Мне стоило бы вдохновиться его примером, но вместо этого я еще сильнее ощутила, насколько слаба и беспомощна даже в сравнении с умирающим стариком.
Змееподобный мистер Адамс, принесший поднос с чаем, и тот, казалось, смотрел на меня с жалостью. Потому что я и была жалкой. А когда ректор с инспектором, словно между делом, решили просветить меня относительно дополнительных мер безопасности, едва не расплакалась. Какой толк в том, чтобы меня защищать? От меня самой какой толк?

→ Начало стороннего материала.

(* Let $\mathcal I$ be a canonical instance, and run the following procedure (Algorithm 1). Start with all bundles empty and all agents present. For $h=1,\dots,m$ in turn: let $\mathcal N_h$ be the set of agents $a_{i,j}$ still present with $v_{i,j}(e_h)\le w_i$; choose $a_{i,j}\in\mathcal N_h$ minimizing $v_{i,j}(e_h)$, breaking ties in favor of the smallest weight and remaining ties arbitrarily; add $e_h$ to $A_{i,j}$; if now $v_{i,j}(A_{i,j})\ge 3w_i$, remove $a_{i,j}$ from the set of present agents. Then, for every resolution of the remaining ties, $\mathcal N_h\neq\emptyset$ at every step $h$ (so every item is allocated), and the resulting allocation satisfies $v_{i,j}(A_{i,j})\le 3w_i=3\,\mathsf{WMMS}_{i,j}$ for every agent $a_{i,j}$; i.e. it is a $3$-WMMS allocation.
   Context: Chore-allocation instance: agents, a finite set $\mathcal M=\{e_1,\dots,e_m\}$ of indivisible items, positive weights, additive cost functions $v:2^{\mathcal M}\to\mathbb R_{\ge0}$. An allocation is an ordered partition of $\mathcal M$ into one (possibly empty) bundle per agent. The weighted maximin share of agent $a$ with weight $w_a$ and cost $v_a$ is $\mathsf{WMMS}_a=w_a\min_{\text{allocations }(B_b)_b}\max_{b}\frac{v_a(B_b)}{w_b}$; an allocation is $\beta$-WMMS if each agent's own bundle costs her at most $\beta\,\mathsf{WMMS}$. An instance is canonical if: (i) $\max$ weight is $w_1$, weights sum to $1$, and every weight equals $w_1/2^p$ for some nonnegative integer $p$; (ii) every agent's total cost $v(\mathcal M)=1$, and every single-item cost is either $0$ or $w_1/2^p$ for some nonnegative integer $p$; (iii) every agent has $v(e_1)\ge v(e_2)\ge\cdots\ge v(e_m)$; (iv) every agent's $\mathsf{WMMS}$ equals her weight. Group notation: agents of a canonical instance are partitioned into groups $G_1,\dots,G_k$ by weight, where all agents of $G_i$ have weight $w_i$ and $w_1>w_2>\cdots>w_k$; $G_i=\{a_{i,1},\dots,a_{i,n_i}\}$, and $v_{i,j},A_{i,j},\mathsf{WMMS}_{i,j}$ denote the cost function, bundle and WMMS of $a_{i,j}$. *)

theory Defs
  imports Complex_Main "HOL-Library.FuncSet"
begin
(* A $2$-connected graph $G$ satisfies $g(G)=c(G)$ if and only if $G$ is a cycle or a uniform theta graph.
   Context: All graphs are finite and simple. $g(G)$ is the girth (length of a shortest cycle) and $c(G)$ the circumference (length of a longest cycle) of $G$. The theta graph $\theta(l_1,\dots,l_k)$ is the graph obtained by joining two vertices by pairwise internally disjoint paths of lengths $l_1,\dots,l_k$. A theta graph is uniform if it has the form $\theta(a,a,\dots,a)$ (all paths of the same length $a$). *)

theory Defs
  imports Main
begin

definition simple_graph :: "'a set \<Rightarrow> ('a \<Rightarrow> 'a \<Rightarrow> bool) \<Rightarrow> bool" where
  "simple_graph V E \<longleftrightarrow> finite V \<and>
     (\<forall>x y. E x y \<longrightarrow> x \<in> V \<and> y \<in> V \<and> x \<noteq> y \<and> E y x)"

definition connected_on :: "'a set \<Rightarrow> ('a \<Rightarrow> 'a \<Rightarrow> bool) \<Rightarrow> bool" where
  "connected_on S E \<longleftrightarrow> S \<noteq> {} \<and>
     (\<forall>x\<in>S. \<forall>y\<in>S. (\<lambda>a b. E a b \<and> a \<in> S \<and> b \<in> S)\<^sup>*\<^sup>* x y)"

definition two_connected :: "'a set \<Rightarrow> ('a \<Rightarrow> 'a \<Rightarrow> bool) \<Rightarrow> bool" where
  "two_connected V E \<longleftrightarrow> card V > 2 \<and> connected_on V E \<and>
     (\<forall>v\<in>V. connected_on (V - {v}) E)"

text \<open>A cycle of G given as the cyclic list of its distinct vertices; its length is the
  number of vertices (= number of edges).\<close>
definition is_cycle :: "'a set \<Rightarrow> ('a \<Rightarrow> 'a \<Rightarrow> bool) \<Rightarrow> 'a list \<Rightarrow> bool" where
  "is_cycle V E cs \<longleftrightarrow> length cs \<ge> 3 \<and> distinct cs \<and> set cs \<subseteq> V \<and>
     (\<forall>i < length cs. E (cs ! i) (cs ! ((i + 1) mod length cs)))"

definition girth :: "'a set \<Rightarrow> ('a \<Rightarrow> 'a \<Rightarrow> bool) \<Rightarrow> nat" where
  "girth V E = Min {length cs | cs. is_cycle V E cs}"

definition circumference :: "'a set \<Rightarrow> ('a \<Rightarrow> 'a \<Rightarrow> bool) \<Rightarrow> nat" where
  "circumference V E = Max {length cs | cs. is_cycle V E cs}"

definition is_cycle_graph :: "'a set \<Rightarrow> ('a \<Rightarrow> 'a \<Rightarrow> bool) \<Rightarrow> bool" where
  "is_cycle_graph V E \<longleftrightarrow> (\<exists>xs. length xs \<ge> 3 \<and> distinct xs \<and> set xs = V \<and>
     (\<forall>x y. E x y \<longleftrightarrow> (\<exists>i < length xs.
        (x = xs ! i \<and> y = xs ! ((i + 1) mod length xs)) \<or>
        (y = xs ! i \<and> x = xs ! ((i + 1) mod length xs)))))"

text \<open>G is a uniform theta graph theta(a,...,a): two distinct vertices u, w joined by
  k \<ge> 1 distinct, pairwise internally disjoint paths, each of length a (a edges, a+1 vertices);
  G consists exactly of these paths.\<close>
definition is_uniform_theta :: "'a set \<Rightarrow> ('a \<Rightarrow> 'a \<Rightarrow> bool) \<Rightarrow> bool" where
  "is_uniform_theta V E \<longleftrightarrow> (\<exists>u w (a::nat) Ps. u \<noteq> w \<and> a \<ge> 1 \<and> Ps \<noteq> [] \<and> distinct Ps \<and>
     (\<forall>P\<in>set Ps. length P = a + 1 \<and> distinct P \<and> hd P = u \<and> last P = w) \<and>
     (\<forall>i < length Ps. \<forall>j < length Ps. i \<noteq> j \<longrightarrow> set (Ps ! i) \<inter> set (Ps ! j) = {u, w}) \<and>
     V = (\<Union>P\<in>set Ps. set P) \<and>
     (\<forall>x y. E x y \<longleftrightarrow> (\<exists>P\<in>set Ps. \<exists>i. Suc i < length P \<and>
        ((x = P ! i \<and> y = P ! Suc i) \<or> (y = P ! i \<and> x = P ! Suc i)))))"

end

theory Submission
  imports Defs
begin

text \<open>If all cycles have length n, any two internally disjoint x-y paths together form a
  cycle, so their lengths add up to n, and three pairwise internally disjoint x-y paths all have
  length n/2. By 2-connectedness, a cycle C that is not the whole graph has an ear; together with
  the two arcs of C it gives three such paths, hence a subgraph theta(a,a,a) with n = 2a. An ear of
  a uniform theta subgraph with at least three paths must join its two branch vertices, because
  otherwise one finds three internally disjoint paths of different lengths between two vertices;
  so it can be added as a further path of length a. When no ear is left, the theta subgraph is
  the whole graph.

  Conversely, in a cycle graph every cycle passes through all vertices, and in theta(a,...,a) the
  inner vertices of the paths have degree two, so a cycle leaves a branch vertex along two
  complete paths and has length 2a.\<close>

section \<open>Paths and cycles\<close>

lemma simple_graph_sym: "simple_graph V E \<Longrightarrow> E x y \<Longrightarrow> E y x"
  unfolding simple_graph_def by blast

Но слезы не потекли из глаз. И в этом не было ничего хорошего. Я помнила это состояние: бессилие, невозможность что-либо изменить… нежелание что-либо изменять… отрешенность, апатия… Хочется забыть и забыться. Самоустраниться от всех проблем. Исчезнуть вместе с ними… или вместо них — какая разница? В прошлой жизни мне это было не дано, в этой могло получиться, и — самое ужасное — меня почти уже не пугали подобные перспективы.
С этим нужно было что-то делать.
Взять себя в руки, встряхнуться.
Я знала один способ, должен был сработать. Слушала Оливера, рассказывающего о системе наблюдения, сигнальной сети и скрытых щитах, которые активируются, если против меня будет направлены потенциально опасные заклинания, а мыслями была уже на ринге с Саймоном. Не вышло с единорогом — повезет со Стальным Волком. Собью костяшки в кровь, пропущу несколько ударов — хорошо. Боль отрезвляет. Возвращает способность чувствовать.
Да, это определенно поможет.
— Элизабет, у вас ведь назначена тренировка с мистером Вульфом?
Показалось, ректор прочитал мои мысли, и я вздрогнула, ощутив себя застигнутой на месте преступления.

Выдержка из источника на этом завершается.